Mr. Stone took my World Cup History Test in 2002. I wrote it for Brainbench.com, and was pleased that someone from ESPN/ABC took the test. He is a good man dedicated to the sport, and especially to youth soccer. But in my humble opinion, before he and others at ESPN discuss dumbing down, they need to re-evaluate what their mission should be as broadcasters. Or, as educators, as I would like to think of their purpose.

We have seen the results of "dumbing down" in our society. Soccer is the world game. Anyone new to the sport needs to learn its language. It is not a complicated game. Casual fans will not be watching a USA v. Guatemala friendly on a Wednesday night in March. Does the NFL ever dumb down their broadcasts to attract new viewers to the sport? It would not be accepted or tolerated. "That guy who throws the ball is like the #10, that Maradona player, in your soccer/futbol."

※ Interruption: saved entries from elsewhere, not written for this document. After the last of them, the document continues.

lemma profile_coeffs_eq_of_stabilization:
  assumes exK: "\<And>n. profile_expansion \<phi>K \<alpha>K n" and exM: "\<And>n. profile_expansion \<phi>M \<alpha>M n"
    and exN: "\<And>n. profile_expansion \<phi>N \<alpha>N n" and KM: "\<And>n. \<alpha>K n = \<alpha>M n"
    and KMN: "\<forall>\<^sub>F r in at_right 0. \<phi>N r = stab_form (mean_form \<phi>K) (mean_form \<phi>M) (mean_form \<phi>N) r"
    and MMM: "\<forall>\<^sub>F r in at_right 0. \<phi>M r = stab_form (mean_form \<phi>M) (mean_form \<phi>M) (mean_form \<phi>M) r"
  shows "\<alpha>N n = \<alpha>M n"
proof (induction n rule: less_induct)
  case (less n)
  show ?case
  proof (cases "n = 0")
    case True
    then show ?thesis using exN exM by (simp add: profile_expansion_def)
  next
    case False
    then have n: "n \<ge> 1" by simp
    define \<delta> where "\<delta> = \<alpha>N n - \<alpha>M n"
    have dNM: "(\<lambda>v. \<phi>N v - \<phi>M v - \<delta> * v ^ (2 * n)) \<in> o[at_right 0](\<lambda>v. v ^ (2 * n))"
      unfolding \<delta>_def using profile_expansion_diff[OF exN exM] less by blast
    have dKM: "(\<lambda>v. \<phi>K v - \<phi>M v - 0 * v ^ (2 * n)) \<in> o[at_right 0](\<lambda>v. v ^ (2 * n))"
      using profile_expansion_diff[OF exK exM, of n] KM by simp
    have dMM: "(\<lambda>v. \<phi>M v - \<phi>M v - 0 * v ^ (2 * n)) \<in> o[at_right 0](\<lambda>v. v ^ (2 * n))"
      by simp
    have "(\<lambda>r. (stab_form (mean_form \<phi>K) (mean_form \<phi>M) (mean_form \<phi>N) r
          - stab_form (mean_form \<phi>M) (mean_form \<phi>M) (mean_form \<phi>M) r
          - (0 / 4 ^ n + 0 / 2 + \<delta> / 4 ^ n) * r ^ (2 * n))
        - (\<phi>N r - \<phi>M r - \<delta> * r ^ (2 * n))) \<in> o[at_right 0](\<lambda>r. r ^ (2 * n))"
      by (intro sum_in_smallo stab_form_perturb[OF n exM exM exN exM dKM dMM dNM] dNM)
    moreover have "\<forall>\<^sub>F r in at_right 0. (stab_form (mean_form \<phi>K) (mean_form \<phi>M) (mean_form \<phi>N) r
          - stab_form (mean_form \<phi>M) (mean_form \<phi>M) (mean_form \<phi>M) r
          - (0 / 4 ^ n + 0 / 2 + \<delta> / 4 ^ n) * r ^ (2 * n))
        - (\<phi>N r - \<phi>M r - \<delta> * r ^ (2 * n)) = (\<delta> - \<delta> / 4 ^ n) * r ^ (2 * n)"
      using KMN MMM by eventually_elim (simp add: algebra_simps)
    ultimately have "(\<lambda>r. (\<delta> - \<delta> / 4 ^ n) * r ^ (2 * n)) \<in> o[at_right 0](\<lambda>r. r ^ (2 * n))"
      by (rule landau_o.small.in_cong[THEN iffD1, rotated])
    then have "\<delta> - \<delta> / 4 ^ n = 0" by (rule coeff_eq_0_of_smallo[OF _ frequently_power_ne_0])
    then have "\<delta> * (1 - 1 / 4 ^ n) = 0" by (simp add: right_diff_distrib)
    moreover have "1 / 4 ^ n < (1::real)" using n by simp
    ultimately show ?thesis unfolding \<delta>_def by auto
  qed
qed

section \<open>The second coefficient of a stable profile\<close>

definition quartic :: "real \<Rightarrow> real \<Rightarrow> real \<Rightarrow> real" where
  "quartic a b v = 1 + a * v ^ 2 + b * v ^ 4"

definition quartic_numerator :: "real \<Rightarrow> real \<Rightarrow> real \<Rightarrow> real \<Rightarrow> real" where
  "quartic_numerator a b p q = (p + q) ^ 4 + a * (q - p) ^ 2 * (p + q) ^ 2 + b * (q - p) ^ 4"

lemma mean_form_quartic:
  assumes "p + q \<noteq> 0"
  shows "mean_form (quartic a b) p q = quartic_numerator a b p q / (2 * (p + q) ^ 3)"
proof -
  have qp: "q + p = p + q" by (rule add.commute)
  show ?thesis
    unfolding mean_form_def quartic_def quartic_numerator_def qp
    using assms by (simp add: field_simps; algebra)
qed

lemma mean_form_quartic_swap: "mean_form (quartic a b) p q = mean_form (quartic a b) q p"
proof -
  have "(p - q) / (p + q) = - ((q - p) / (q + p))" by (simp add: add.commute minus_divide_left)
  then show ?thesis unfolding mean_form_def quartic_def by (simp add: add.commute)
qed

lemma profile_expansion_quartic: "\<alpha> 0 = 1 \<Longrightarrow> profile_expansion (quartic (\<alpha> 1) (\<alpha> 2)) \<alpha> 2"
  unfolding profile_expansion_def quartic_def by (simp add: eval_nat_numeral atMost_Suc)

text \<open>Degree-four Taylor polynomials of the inner and outer mean forms of a quartic profile. The
  remainder polynomials were found by computer algebra; they certify the \<open>O(r^5)\<close> error terms.\<close>
definition quartic_inner :: "real \<Rightarrow> real \<Rightarrow> real \<Rightarrow> real" where
  "quartic_inner a b r = 1 - r / 2 + 3/4 * a * r ^ 2 + (1/8 * a + 1/2 * a ^ 2) * r ^ 3
    + (9/16 * b + 1/16 * a + 1/8 * a ^ 2 + 1/4 * a ^ 3) * r ^ 4"

definition stab_quartic_coeff :: "real \<Rightarrow> real \<Rightarrow> real" where
  "stab_quartic_coeff a b = 5/8 * b + 1/16 * a - 3/16 * a ^ 2 - 1/4 * a ^ 3"

definition inner_remainder :: "real \<Rightarrow> real \<Rightarrow> real \<Rightarrow> real" where
  "inner_remainder a b r =
    (3/2 * b + 1/2 * a + 12 * a * b - 2 * a^3)
    + r * (- 3/4 * b - 1/2 * a - 23/2 * a * b - 1/2 * a^2 + 14 * a^2 * b + a^3 - 2 * a^4)
    + r^2 * (1/8 * b + 4 * b^2 + 1/8 * a + 9/2 * a * b + a^2 - 4 * a^2 * b + 1/2 * a^3
        + 4 * a^3 * b)
    + r^3 * (- 3/2 * b^2 - 3/8 * a * b + 16 * a * b^2 - 3/8 * a^2 - 7/4 * a^2 * b - 3/4 * a^3
        + 6 * a^3 * b - 1/2 * a^4 + a^4 * b - 2 * a^5)
    + r^4 * (3/2 * b^2 + 3/4 * a * b + 4 * a * b^2 + 3/8 * a^2 * b + 12 * a^2 * b^2 + 3/8 * a^3
        - 6 * a^3 * b + 1/2 * a^4 + 1/2 * a^5)
    + r^5 * (- 3/8 * b^2 + 6 * b^3 - 3/8 * a * b - 13/2 * a * b^2 - 3/4 * a^2 * b
        + 12 * a^2 * b^2 - 1/8 * a^3 * b + 4 * a^3 * b^2 - 1/8 * a^4 - 2 * a^4 * b - 1/4 * a^5
        - 1/2 * a^6)
    + r^6 * (3/4 * a * b^2 + 12 * a * b^3 + 3/4 * a^2 * b - 6 * a^2 * b^2 + 3/4 * a^3 * b)
    + r^7 * (- 3/4 * b^3 + 4 * a * b^3 - 3/8 * a^2 * b^2 + 6 * a^2 * b^3 - 3/8 * a^3 * b
        + 3 * a^3 * b^2 - 3/4 * a^4 * b - 3/2 * a^5 * b)
    + r^8 * (3/8 * b^3 + 4 * b^4 + 3/8 * a * b^2 - 3/2 * a^3 * b^2)
    + r^9 * (- 7/8 * a * b^3 + 4 * a * b^4 - 3/8 * a^2 * b^2 + 4 * a^2 * b^3 - 3/4 * a^3 * b^2
        - 3/2 * a^4 * b^2)
    + r^10 * (- 1/4 * a * b^3 - a^2 * b^3)
    + r^11 * (- 1/8 * b^4 + b^5 - 1/8 * a * b^3 + a * b^4 - 1/4 * a^2 * b^3 - 1/2 * a^3 * b^3)"

definition outer_remainder :: "real \<Rightarrow> real \<Rightarrow> real \<Rightarrow> real" where
  "outer_remainder a b r =
    r * (- 11/2 * a * b - 1/4 * a^2 - 4 * a^2 * b + 7/2 * a^3 + 7 * a^4 + 4 * a^5)
    + r^3 * (- 27/16 * b^2 - 3/16 * a * b - 9/4 * a^2 * b - 1/16 * a^3 + 27/4 * a^3 * b
        + 51/8 * a^4 + 6 * a^4 * b + 51/4 * a^5 + 8 * a^6)
    + r^5 * (- 81/16 * a * b^2 - 27/32 * a^2 * b - 1/32 * a^3 + 169/32 * a^3 * b + 45/64 * a^4
        + 93/8 * a^4 * b + 169/32 * a^5 + 3/2 * a^5 * b + 181/16 * a^6 - 4 * a^6 * b
        + 39/4 * a^7 + 2 * a^8)
    + r^7 * (- 243/256 * b^3 - 27/128 * a * b^2 - 3/256 * a^2 * b - 27/256 * a^2 * b^2
        + 33/256 * a^3 * b + 135/32 * a^3 * b^2 + 1/64 * a^4 + 403/64 * a^4 * b + 173/256 * a^5
        + 775/64 * a^5 * b + 329/128 * a^6 + 129/16 * a^6 * b + 361/64 * a^7 + a^7 * b
        + 49/8 * a^8 + a^8 * b + 5/2 * a^9)
    + r^9 * (- 729/512 * a * b^3 - 405/1024 * a^2 * b^2 - 9/256 * a^3 * b + 729/256 * a^3 * b^2
        - 1/1024 * a^4 + 171/256 * a^4 * b + 1215/256 * a^4 * b^2 + 5/128 * a^5
        + 333/128 * a^5 * b + 81/64 * a^5 * b^2 + 15/64 * a^6 + 369/64 * a^6 * b + 13/16 * a^7
        + 45/8 * a^7 * b + 13/8 * a^8 + 9/8 * a^8 * b + 33/16 * a^9 + 23/16 * a^10 + 1/4 * a^11)
    + r^11 * (- 729/4096 * b^4 - 243/4096 * a * b^3 - 27/4096 * a^2 * b^2
        + 3159/4096 * a^2 * b^3 - 1/4096 * a^3 * b + 1107/4096 * a^3 * b^2
        + 1215/1024 * a^3 * b^3 + 129/4096 * a^4 * b + 2025/2048 * a^4 * b^2 + 5/4096 * a^5
        + 183/1024 * a^5 * b + 2079/1024 * a^5 * b^2 + 19/2048 * a^6 + 607/1024 * a^6 * b
        + 459/256 * a^6 * b^2 + 21/512 * a^7 + 291/256 * a^7 * b + 59/512 * a^8
        + 345/256 * a^8 * b + 29/128 * a^9 + 53/64 * a^9 * b + 39/128 * a^10 + 17/64 * a^11
        + 1/8 * a^12)"

lemma inner_remainder_identity:
  "quartic_numerator a b (1 - r) (quartic a b r)
    - 2 * ((1 - r) + quartic a b r) ^ 3 * quartic_inner a b r = r ^ 5 * inner_remainder a b r"
  unfolding quartic_numerator_def quartic_def quartic_inner_def inner_remainder_def by algebra

lemma outer_remainder_identity:
  "quartic_numerator a b (quartic_inner a b r) (quartic_inner a b (- r))
    - 2 * (quartic_inner a b r + quartic_inner a b (- r)) ^ 3 * quartic a (stab_quartic_coeff a b) r
    = r ^ 5 * outer_remainder a b r"
  unfolding quartic_numerator_def quartic_def quartic_inner_def stab_quartic_coeff_def
    outer_remainder_def by algebra

lemma mean_form_quartic_bigo:
  fixes p q t R :: "real \<Rightarrow> real"
  assumes pq: "((\<lambda>r. p r + q r) \<longlongrightarrow> 2) F" and R: "(R \<longlongrightarrow> c) F"
    and identity: "\<And>r. quartic_numerator a b (p r) (q r) - 2 * (p r + q r) ^ 3 * t r = r ^ 5 * R r"
  shows "(\<lambda>r. mean_form (quartic a b) (p r) (q r) - t r) \<in> O[F](\<lambda>r. r ^ 5)"
proof -
  have pos: "\<forall>\<^sub>F r in F. p r + q r > 0" using order_tendstoD(1)[OF pq, of 0] by simp
  have "((\<lambda>r. R r / (2 * (p r + q r) ^ 3)) \<longlongrightarrow> c / (2 * 2 ^ 3)) F"
    by (intro tendsto_intros R pq) simp
  then have "(\<lambda>r. R r / (2 * (p r + q r) ^ 3)) \<in> O[F](\<lambda>_. 1)" by (rule bigo_1_of_tendsto)
  from landau_o.big.mult_left[OF this, of "\<lambda>r. r ^ 5"]
  have "(\<lambda>r. r ^ 5 * (R r / (2 * (p r + q r) ^ 3))) \<in> O[F](\<lambda>r. r ^ 5)"
    by (simp only: mult_1_right)
  moreover have "\<forall>\<^sub>F r in F.
      r ^ 5 * (R r / (2 * (p r + q r) ^ 3)) = mean_form (quartic a b) (p r) (q r) - t r"
    using pos
  proof eventually_elim
    case (elim r)
    then have "mean_form (quartic a b) (p r) (q r) - t r
        = (quartic_numerator a b (p r) (q r) - 2 * (p r + q r) ^ 3 * t r) / (2 * (p r + q r) ^ 3)"
      by (simp add: mean_form_quartic field_simps)
    then show ?case by (simp add: identity)
  qed
  ultimately show ?thesis by (rule landau_o.big.in_cong[THEN iffD1, rotated])
qed

lemma tendsto_at_0_of_isCont: "isCont f 0 \<Longrightarrow> f 0 = L \<Longrightarrow> (f \<longlongrightarrow> L) (at 0)"
  by (simp add: isCont_def)

lemma quartic_inner_bigo:
  "(\<lambda>r. mean_form (quartic a b) (1 - r) (quartic a b r) - quartic_inner a b r) \<in> O[at 0](\<lambda>r. r ^ 5)"
proof (rule mean_form_quartic_bigo[OF _ _ inner_remainder_identity])
  show "((\<lambda>r. (1 - r) + quartic a b r) \<longlongrightarrow> 2) (at 0)"
    by (rule tendsto_at_0_of_isCont) (simp_all add: quartic_def)
  show "(inner_remainder a b \<longlongrightarrow> inner_remainder a b 0) (at 0)"
    unfolding inner_remainder_def by (intro tendsto_at_0_of_isCont[OF _ refl] continuous_intros)
qed

lemma quartic_outer_bigo:
  "(\<lambda>r. mean_form (quartic a b) (quartic_inner a b r) (quartic_inner a b (- r))
      - quartic a (stab_quartic_coeff a b) r) \<in> O[at 0](\<lambda>r. r ^ 5)"
proof (rule mean_form_quartic_bigo[OF _ _ outer_remainder_identity])
  show "((\<lambda>r. quartic_inner a b r + quartic_inner a b (- r)) \<longlongrightarrow> 2) (at 0)"
    by (rule tendsto_at_0_of_isCont) (simp_all add: quartic_inner_def)
  show "(outer_remainder a b \<longlongrightarrow> outer_remainder a b 0) (at 0)"
    unfolding outer_remainder_def by (intro tendsto_at_0_of_isCont[OF _ refl] continuous_intros)
qed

Raise the bar, ESPN, and educate the audience. As you do for your Champions League broadcasts. Don't underestimate the North American fans. When you take a college course in Spanish, does the instructor use Klingon because most of the class said they were Star Trek fans? ;-) Part of the problem is the arrogance of the US media as it relates to the sport of soccer. They make the illogical assumption that soccer is so complicated that new viewers can't understand proper commentary. Dumbing down = ignorant new viewers - knowledgeable older viewers + lesser ratings = Increased viewership for Univision, Telefutura, and Telemundo in North America.

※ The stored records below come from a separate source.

lemma truncation_error_le:
  fixes X Y :: "'a set" and g :: "'a \<Rightarrow> 'a \<Rightarrow> real"
  assumes "bounded (UNIV :: 'a set)" "d \<ge> 1" "0 < \<nu>" "0 < K" "0 < \<rho>" "0 < \<gamma>" "\<gamma> \<le> 1"
    and "finite X" "finite Y" "X \<noteq> {}"
    and "fill_dist X \<le> \<rho> * sep_rad X" "fill_dist Y \<le> \<rho> * sep_rad Y"
    and fill_ratio: "\<gamma> * fill_dist X \<le> fill_dist Y" and "fill_dist X < 1"
    and lagrange: "\<And>\<xi> z. \<xi> \<in> X \<Longrightarrow> z \<in> X \<Longrightarrow> g \<xi> z = (if \<xi> = z then 1 else 0)"
    and decay: "\<And>\<xi> x. \<xi> \<in> X \<Longrightarrow> \<bar>g \<xi> x\<bar> \<le> C * exp (- \<nu> * dist x \<xi> / fill_dist X)"
  shows "l2_opnorm (\<lambda>\<eta> \<xi>. if dist \<xi> \<eta> \<le> K * fill_dist X * \<bar>ln (fill_dist X)\<bar> then 0 else g \<xi> \<eta>) X Y
    \<le> C * exp_sum_bound (min 1 (\<nu> * \<gamma> / (2 * \<rho>))) * \<gamma> powr (- (\<nu> / 2 * K))
        * fill_dist Y powr (\<nu> / 2 * K)"
proof -
  define h' h e \<beta> where "h' = fill_dist X" and "h = fill_dist Y" and "e = \<nu> / 2 * K"
    and "\<beta> = min 1 (\<nu> * \<gamma> / (2 * \<rho>))"
  have "0 \<le> h'" unfolding h'_def using assms by (intro fill_dist_nonneg)
  have "0 \<le> h" using fill_ratio \<open>0 \<le> h'\<close> \<open>0 < \<gamma>\<close> unfolding h'_def h_def
    by (metis mult_nonneg_nonneg less_imp_le order_trans)
  obtain \<xi> where "\<xi> \<in> X" using \<open>X \<noteq> {}\<close> by blast
  from decay[OF this, of \<xi>] have "0 \<le> C" by (rule nonneg_if_abs_le_mult_exp)
  have "1 \<le> exp_sum_bound \<beta>" unfolding exp_sum_bound_def by simp
  show ?thesis
  proof (cases "h' = 0")
    case True
    text \<open>The decay bound is void here (division by 0), but then \<open>X\<close> is the whole space and
      every entry that survives the truncation is an off-diagonal Lagrange value.\<close>
    then have "x \<in> X" for x
      using assms by (intro fill_dist_eq_0_imp_mem) (auto simp: h'_def finite_imp_closed)
    then have "l2_opnorm (\<lambda>\<eta> \<xi>. if dist \<xi> \<eta> \<le> K * h' * \<bar>ln h'\<bar> then 0 else g \<xi> \<eta>) X Y = 0"
      using True lagrange by (intro l2_opnorm_eq_0) auto
    then show ?thesis
      using \<open>0 \<le> C\<close> \<open>1 \<le> exp_sum_bound \<beta>\<close> by (simp add: h'_def h_def e_def \<beta>_def)
  next
    case False
    with \<open>0 \<le> h'\<close> have "0 < h'" by simp
    have "\<beta> \<le> \<nu> / (2 * h') * sep_rad Z" if "\<gamma> * h' \<le> fill_dist Z" "fill_dist Z \<le> \<rho> * sep_rad Z" for Z :: "'a set"
      unfolding \<beta>_def by (rule min_le_scaled_sep_rad[OF that]) (use assms \<open>0 < h'\<close> in auto)
    moreover have "\<gamma> * h' \<le> h'" using \<open>\<gamma> \<le> 1\<close> \<open>0 \<le> h'\<close> \<open>0 < \<gamma>\<close> by (intro mult_left_le_one_le) auto
    ultimately have "l2_opnorm (\<lambda>\<eta> \<xi>. if dist \<xi> \<eta> \<le> K * h' * \<bar>ln h'\<bar> then 0 else g \<xi> \<eta>) X Y
        \<le> C * exp_sum_bound \<beta> * h' powr e"
      using assms \<open>0 < h'\<close> \<open>0 \<le> C\<close> unfolding h'_def e_def
      by (intro truncated_decay_le_fill_dist_powr) (auto simp: \<beta>_def h_def)
    also have "\<dots> \<le> C * exp_sum_bound \<beta> * (\<gamma> powr (- e) * h powr e)"
    proof (intro mult_left_mono)
      have "h' powr e \<le> (h / \<gamma>) powr e"
        using fill_ratio \<open>0 \<le> h'\<close> assms by (intro powr_mono2) (auto simp: e_def h'_def h_def field_simps)
      also have "\<dots> = \<gamma> powr (- e) * h powr e"
        using \<open>0 < \<gamma>\<close> \<open>0 \<le> h\<close> by (simp add: powr_divide powr_minus_divide)
      finally show "h' powr e \<le> \<gamma> powr (- e) * h powr e" .
    qed (use \<open>0 \<le> C\<close> \<open>1 \<le> exp_sum_bound \<beta>\<close> in simp)
    finally show ?thesis
      using \<open>0 \<le> C\<close> \<open>1 \<le> exp_sum_bound \<beta>\<close> by (simp add: h'_def h_def e_def \<beta>_def mult_ac)
  qed
qed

During the World Cup, a strange thing happened. English-speaking viewers preferred Spanish language coverage to what was available with ABC/ESPN:

Robert Thompson, a professor of television and popular culture at Syracuse University, said on Monday: "It's surprising. This is a country that is not all that friendly even to subtitles. But somehow they found the Univision coverage so much better that they could overlook the fact that it was in a different language." (2)

"... Univision said that 50 million people tuned in to some part of its coverage, including 29 million Hispanics and 21 million non-Hispanics." (3)


(1) US Future, DJ and Ferrell: St. Petersburg Times, 24 March 2007.
(2) Univision scores in World Cup viewing - Financial Times - MSNBC.com (Unfortunately, this link is no longer active. I read it last summer, and sent the link, along with the quoted material, to someone via email.)
(3) World Cup Final Scores For ABC, Univision: TV.com, 11 July 2006.